== WHAT YOU ARE ASKED TO DO ==
Output, word for word, every line from the line with "using no_lonely[OF that]" through the final line of the data below.

== RECORD SET ==
lemma finite_box: "finite (box N)"
proof (rule finite_subset)
  show "box N \<subseteq> vec_lambda ` (UNIV \<rightarrow>\<^sub>E {-int N..int N})"
  proof
    fix x assume "x \<in> box N"
    then have "vec_nth x \<in> UNIV \<rightarrow>\<^sub>E {-int N..int N}"
      by (auto simp: box_def abs_le_iff minus_le_iff)
    then show "x \<in> vec_lambda ` (UNIV \<rightarrow>\<^sub>E {-int N..int N})"
      by (metis image_eqI vec_nth_inverse)
  qed
qed (intro finite_imageI finite_PiE; simp)

lemma finite_EN: "finite (EN N)"
  by (rule finite_subset[of _ "box N \<times> UNIV"]) (auto simp: EN_def finite_box)

lemma finite_supp: "finite (supp N \<sigma>)"
  by (rule finite_subset[OF _ finite_EN]) (auto simp: supp_def)

theorem mainTheorem5:
  fixes n N :: nat and \<sigma> :: "edge \<Rightarrow> int" and e :: edge
  assumes "closed_config n N \<sigma>"
    and "supp N \<sigma> \<noteq> {}"
    and "e \<in> supp N \<sigma>"
    and "bdS (cobdS (bdS (cobdS {e}))) \<subseteq> EN N"
  shows "card {f \<in> supp N \<sigma>. edge_pos f} \<ge> 8"
proof -
  define R where "R = bdS (cobdS {e})"
  note no_lonely = closed_config_no_lonely_edge_near[OF assms(1) assms(4)[folded R_def]]
  obtain x j where e0: "pos_edge e = (x, j, True)"
    by (cases e) auto
  obtain k :: 4 where "j \<noteq> k"
    by (metis zero_neq_one)
  have e0_in: "(x, j, True) \<in> plaq_edges x j k" "(x, j, True) \<in> plaq_edges (x - unitv k) j k"
    by (auto simp: plaq_edges_def)
  then have P: "plaq_edges x j k \<subseteq> pos_edge ` R" "plaq_edges (x - unitv k) j k \<subseteq> pos_edge ` R"
    using plaq_edges_subset_bd_cobd[OF \<open>j \<noteq> k\<close>, of "(x, j, True)" _ "{e}"] e0 by (auto simp: R_def)
  have "(x, j, True) \<in> supp N \<sigma>"
    using pos_edge_in_supp[OF assms(1,3)] e0 by simp
  note no_lonely_e0 = no_lonely[OF \<open>j \<noteq> k\<close> _ _ this]
  obtain f where f: "f \<in> plaq_edges x j k - {(x, j, True)}" "f \<in> supp N \<sigma>" "edge_pos f"
    using no_lonely_e0[OF e0_in(1)] P(1) e0_in(1) by blast
  obtain h where h: "h \<in> plaq_edges (x - unitv k) j k - {(x, j, True)}" "h \<in> supp N \<sigma>" "edge_pos h"
    using no_lonely_e0[OF e0_in(2)] P(2) e0_in(2) by blast
  obtain z c where fzc: "f = (z, c, True)"
    using f(1) by (auto simp: plaq_edges_def)
  show ?thesis
  proof (rule card_ge_8_if_no_lonely_edge)
    show "h \<notin> plaq_edges y a b" if "a \<noteq> b" "(z, c, True) \<in> plaq_edges y a b" for y a b
      using no_plaquette_across_edge[OF \<open>j \<noteq> k\<close> that(1) f(1) h(1)] that(2) fzc by simp
    show "\<exists>g \<in> plaq_edges y a b - {(z, c, True)}. g \<in> {f \<in> supp N \<sigma>. edge_pos f}"
      if "a \<noteq> b" "(z, c, True) \<in> plaq_edges y a b" for y a b
      using no_lonely[OF that] f P(1) fzc by auto
  qed (use f h fzc finite_supp in auto)
qed

end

== RESPONSE AREA ==
      using no_lonely[OF that] f P(1) fzc by auto
  qed (use f h fzc finite_supp in auto)
qed

end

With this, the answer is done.